(* Let $V\in\mathbb R^{n\times n}$ be orthogonal with $\|V-I\|_2<r<1$. Then \[\|\log_m(V)\|_2<r\,\frac{\sqrt{1-r^2/4}}{1-r^2/2}.\]
   Context: $\|\cdot\|_2$ is the spectral norm and $\log_m$ the principal matrix logarithm. *)

theory Defs
  imports "HOL-Analysis.Analysis"
begin

definition spec_norm :: "real^'n^'n \<Rightarrow> real" where
  "spec_norm A = onorm (\<lambda>x. A *v x)"

primrec mat_pow :: "real^'n^'n \<Rightarrow> nat \<Rightarrow> real^'n^'n" where
  "mat_pow A 0 = mat 1"
| "mat_pow A (Suc k) = A ** mat_pow A k"

definition mat_exp :: "real^'n^'n \<Rightarrow> real^'n^'n" where
  "mat_exp A = (\<Sum>k. (1 / fact k) *\<^sub>R mat_pow A k)"

definition cplx_eigenvalue :: "real^'n^'n \<Rightarrow> complex \<Rightarrow> bool" where
  "cplx_eigenvalue A l \<longleftrightarrow>
     (\<exists>v::complex^'n. v \<noteq> 0 \<and> map_matrix complex_of_real A *v v = l *s v)"

definition principal_log :: "real^'n^'n \<Rightarrow> real^'n^'n" where
  "principal_log V = (THE X. mat_exp X = V \<and>
      (\<forall>l. cplx_eigenvalue X l \<longrightarrow> - pi < Im l \<and> Im l < pi))"

end

theory Submission
  imports Defs "HOL-Computational_Algebra.Fundamental_Theorem_Algebra"
begin

text \<open>Being orthogonal, \<open>V\<close> has an orthonormal eigenbasis of \<open>\<complex>\<^sup>n\<close>; its eigenvalues \<open>\<mu>\<close> lie on the
  unit circle with \<open>\<bar>\<mu> - 1\<bar> \<le> s = \<parallel>V - I\<parallel> < 1\<close>, hence \<open>\<mu> = e\<^sup>i\<^sup>t\<close> with \<open>\<bar>t\<bar> \<le> 2 arcsin (s/2) < \<pi>/2\<close>.
  Replacing each \<open>\<mu>\<close> by \<open>Ln \<mu>\<close> in this basis gives a real matrix \<open>L\<close> with \<open>exp L = V\<close>; it is the
  principal logarithm since every logarithm of \<open>V\<close> commutes with \<open>L\<close>, and \<open>exp\<close> is injective on
  commuting matrices with spectrum in the strip \<open>\<bar>Im z\<bar> < \<pi>\<close>. As \<open>L\<close> is normal, its norm is its
  largest \<open>\<bar>t\<bar>\<close>, and \<open>2 arcsin (s/2) < 2 arcsin (r/2) \<le> tan (2 arcsin (r/2))\<close>, which is the bound.\<close>

section \<open>Square matrices as a Banach algebra\<close>

lemma matrix_add_rdistrib: "(B + C) ** A = B ** A + C ** A"
  by (simp add: matrix_matrix_mult_def vec_eq_iff sum.distrib algebra_simps)

lemma spec_norm_nonneg: "0 \<le> spec_norm A"
  unfolding spec_norm_def by (rule onorm_pos_le) simp

lemma spec_norm_bound: "norm (A *v x) \<le> spec_norm A * norm x"
  unfolding spec_norm_def by (rule onorm) simp

lemma spec_norm_eq_0_iff: "spec_norm A = 0 \<longleftrightarrow> A = 0"
  unfolding spec_norm_def
  by (simp add: onorm_eq_0) (metis matrix_eq matrix_vector_mult_0)

lemma spec_norm_triangle: "spec_norm (A + B) \<le> spec_norm A + spec_norm B"
proof -
  have "(*v) (A + B) = (\<lambda>x. A *v x + B *v x)"
    by (simp add: matrix_vector_mult_add_rdistrib fun_eq_iff)
  then show ?thesis unfolding spec_norm_def by (simp add: onorm_triangle)
qed

lemma spec_norm_scaleR: "spec_norm (c *\<^sub>R A) = \<bar>c\<bar> * spec_norm A"
proof -
  have "(*v) (c *\<^sub>R A) = (\<lambda>x. c *\<^sub>R (A *v x))"
    by (simp add: scaleR_matrix_vector_assoc fun_eq_iff)
  then show ?thesis unfolding spec_norm_def by (simp add: onorm_scaleR)
qed

lemma spec_norm_mult: "spec_norm (A ** B) \<le> spec_norm A * spec_norm B"
proof -
  have "(*v) (A ** B) = (*v) A \<circ> (*v) B"
    by (simp add: matrix_vector_mul_assoc fun_eq_iff)
  then show ?thesis unfolding spec_norm_def by (simp add: onorm_compose)
qed

lemma spec_norm_mat_1: "spec_norm (mat 1 :: real^'n^'n) = 1"
proof -
  have "(*v) (mat 1 :: real^'n^'n) = (\<lambda>x. x)" by (simp add: fun_eq_iff)
  then show ?thesis unfolding spec_norm_def by (simp add: onorm_id)
qed

lemma norm_le_sum_abs_entries: "norm (A :: real^'n^'m) \<le> (\<Sum>i\<in>UNIV. \<Sum>j\<in>UNIV. \<bar>A $ i $ j\<bar>)"
proof -
  have "norm A \<le> (\<Sum>i\<in>UNIV. norm (A $ i))" by (simp add: norm_vec_def L2_set_le_sum)
  also have "\<dots> \<le> (\<Sum>i\<in>UNIV. \<Sum>j\<in>UNIV. \<bar>A $ i $ j\<bar>)" by (intro sum_mono norm_le_l1_cart)
  finally show ?thesis .
qed

lemma norm_le_spec_norm: "norm A \<le> real CARD('n) * real CARD('n) * spec_norm (A :: real^'n^'n)"
proof -
  have "norm A \<le> (\<Sum>i\<in>UNIV. \<Sum>j\<in>UNIV. \<bar>A $ i $ j\<bar>)" by (rule norm_le_sum_abs_entries)
  also have "\<dots> \<le> (\<Sum>i\<in>(UNIV::'n set). \<Sum>j\<in>(UNIV::'n set). spec_norm A)"
    unfolding spec_norm_def by (intro sum_mono matrix_component_le_onorm)
  finally show ?thesis by simp
qed

lemma spec_norm_le_norm: "spec_norm A \<le> real CARD('n) * real CARD('n) * norm (A :: real^'n^'n)"
proof -
  have "spec_norm A \<le> (\<Sum>i\<in>UNIV. \<Sum>j\<in>UNIV. \<bar>A $ i $ j\<bar>)"
    unfolding spec_norm_def by (rule onorm_le_matrix_component_sum)
  also have "\<dots> \<le> (\<Sum>i\<in>(UNIV::'n set). \<Sum>j\<in>(UNIV::'n set). norm A)"
  proof (intro sum_mono)
    fix i j show "\<bar>A $ i $ j\<bar> \<le> norm A"
      using component_le_norm_cart[of "A $ i" j] Finite_Cartesian_Product.norm_nth_le[of A i] by linarith
  qed
  finally show ?thesis by simp
qed

text \<open>A copy of the square matrices with matrix multiplication as product and the spectral norm as
  norm: it is a Banach algebra, so the generic exponential \<open>exp\<close> and its laws apply to matrices.\<close>

typedef (overloaded) 'n sqmat = "UNIV :: (real^'n^'n) set"
  morphisms mat_of Sqmat by auto

setup_lifting type_definition_sqmat

instantiation sqmat :: (finite) real_normed_algebra_1
begin

lift_definition zero_sqmat :: "'a sqmat" is "0" .
lift_definition one_sqmat :: "'a sqmat" is "mat 1" .
lift_definition plus_sqmat :: "'a sqmat \<Rightarrow> 'a sqmat \<Rightarrow> 'a sqmat" is "(+)" .
lift_definition minus_sqmat :: "'a sqmat \<Rightarrow> 'a sqmat \<Rightarrow> 'a sqmat" is "(-)" .
lift_definition uminus_sqmat :: "'a sqmat \<Rightarrow> 'a sqmat" is "uminus" .
lift_definition times_sqmat :: "'a sqmat \<Rightarrow> 'a sqmat \<Rightarrow> 'a sqmat" is "(**)" .
lift_definition scaleR_sqmat :: "real \<Rightarrow> 'a sqmat \<Rightarrow> 'a sqmat" is "scaleR" .
lift_definition norm_sqmat :: "'a sqmat \<Rightarrow> real" is "spec_norm" .

definition dist_sqmat :: "'a sqmat \<Rightarrow> 'a sqmat \<Rightarrow> real"
  where "dist_sqmat a b = norm (a - b)"

definition uniformity_sqmat :: "('a sqmat \<times> 'a sqmat) filter"
  where "uniformity_sqmat = (INF e\<in>{0 <..}. principal {(x, y). dist x y < e})"

definition open_sqmat :: "'a sqmat set \<Rightarrow> bool"
  where "open_sqmat S = (\<forall>x\<in>S. \<forall>\<^sub>F (x', y) in uniformity. x' = x \<longrightarrow> y \<in> S)"

definition sgn_sqmat :: "'a sqmat \<Rightarrow> 'a sqmat"
  where "sgn_sqmat x = inverse (norm x) *\<^sub>R x"

instance
proof
  fix a b c :: "'a sqmat" and r s :: real and U :: "'a sqmat set"
  show "a + b + c = a + (b + c)" "a + b = b + a" "0 + a = a" "- a + a = 0" "a - b = a + - b"
    by (transfer; simp add: algebra_simps)+
  show "r *\<^sub>R (a + b) = r *\<^sub>R a + r *\<^sub>R b" "(r + s) *\<^sub>R a = r *\<^sub>R a + s *\<^sub>R a"
    "r *\<^sub>R s *\<^sub>R a = (r * s) *\<^sub>R a" "1 *\<^sub>R a = a"
    by (transfer; simp add: algebra_simps)+
  show "a * b * c = a * (b * c)" by transfer (simp add: matrix_mul_assoc)
  show "(a + b) * c = a * c + b * c" by transfer (rule matrix_add_rdistrib)
  show "a * (b + c) = a * b + a * c" by transfer (rule matrix_add_ldistrib)
  show "r *\<^sub>R a * b = r *\<^sub>R (a * b)" by transfer (simp add: scalar_matrix_assoc)
  show "a * r *\<^sub>R b = r *\<^sub>R (a * b)" by transfer (simp add: matrix_scalar_ac scalar_matrix_assoc)
  show "1 * a = a" "a * 1 = a" by (transfer; simp)+
  show "(0::'a sqmat) \<noteq> 1" by transfer (auto simp: vec_eq_iff mat_def)
  show "dist a b = norm (a - b)" by (rule dist_sqmat_def)
  show "sgn a = inverse (norm a) *\<^sub>R a" by (rule sgn_sqmat_def)
  show "uniformity = (INF e\<in>{0 <..}. principal {(x, y). dist x y < (e::real)} :: ('a sqmat \<times> _) filter)"
    by (rule uniformity_sqmat_def)
  show "open U = (\<forall>x\<in>U. \<forall>\<^sub>F (x', y) in uniformity. x' = x \<longrightarrow> y \<in> U)"
    by (rule open_sqmat_def)
  show "norm a = 0 \<longleftrightarrow> a = 0" by transfer (rule spec_norm_eq_0_iff)
  show "norm (a + b) \<le> norm a + norm b" by transfer (rule spec_norm_triangle)
  show "norm (r *\<^sub>R a) = \<bar>r\<bar> * norm a" by transfer (rule spec_norm_scaleR)
  show "norm (a * b) \<le> norm a * norm b" by transfer (rule spec_norm_mult)
  show "norm (1::'a sqmat) = 1" by transfer (rule spec_norm_mat_1)
qed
.....
### About this exercise
Repeat exactly, please, each line from the beginning of the data through the line with "text \<open>Being orthogonal, \<open>V\<close>" in it, and only those lines.

### Response
(* Let $V\in\mathbb R^{n\times n}$ be orthogonal with $\|V-I\|_2<r<1$. Then \[\|\log_m(V)\|_2<r\,\frac{\sqrt{1-r^2/4}}{1-r^2/2}.\]
   Context: $\|\cdot\|_2$ is the spectral norm and $\log_m$ the principal matrix logarithm. *)

theory Defs
  imports "HOL-Analysis.Analysis"
begin

definition spec_norm :: "real^'n^'n \<Rightarrow> real" where
  "spec_norm A = onorm (\<lambda>x. A *v x)"

primrec mat_pow :: "real^'n^'n \<Rightarrow> nat \<Rightarrow> real^'n^'n" where
  "mat_pow A 0 = mat 1"
| "mat_pow A (Suc k) = A ** mat_pow A k"

definition mat_exp :: "real^'n^'n \<Rightarrow> real^'n^'n" where
  "mat_exp A = (\<Sum>k. (1 / fact k) *\<^sub>R mat_pow A k)"

definition cplx_eigenvalue :: "real^'n^'n \<Rightarrow> complex \<Rightarrow> bool" where
  "cplx_eigenvalue A l \<longleftrightarrow>
     (\<exists>v::complex^'n. v \<noteq> 0 \<and> map_matrix complex_of_real A *v v = l *s v)"

definition principal_log :: "real^'n^'n \<Rightarrow> real^'n^'n" where
  "principal_log V = (THE X. mat_exp X = V \<and>
      (\<forall>l. cplx_eigenvalue X l \<longrightarrow> - pi < Im l \<and> Im l < pi))"

end

theory Submission
  imports Defs "HOL-Computational_Algebra.Fundamental_Theorem_Algebra"
begin

text \<open>Being orthogonal, \<open>V\<close> has an orthonormal eigenbasis of \<open>\<complex>\<^sup>n\<close>; its eigenvalues \<open>\<mu>\<close> lie on the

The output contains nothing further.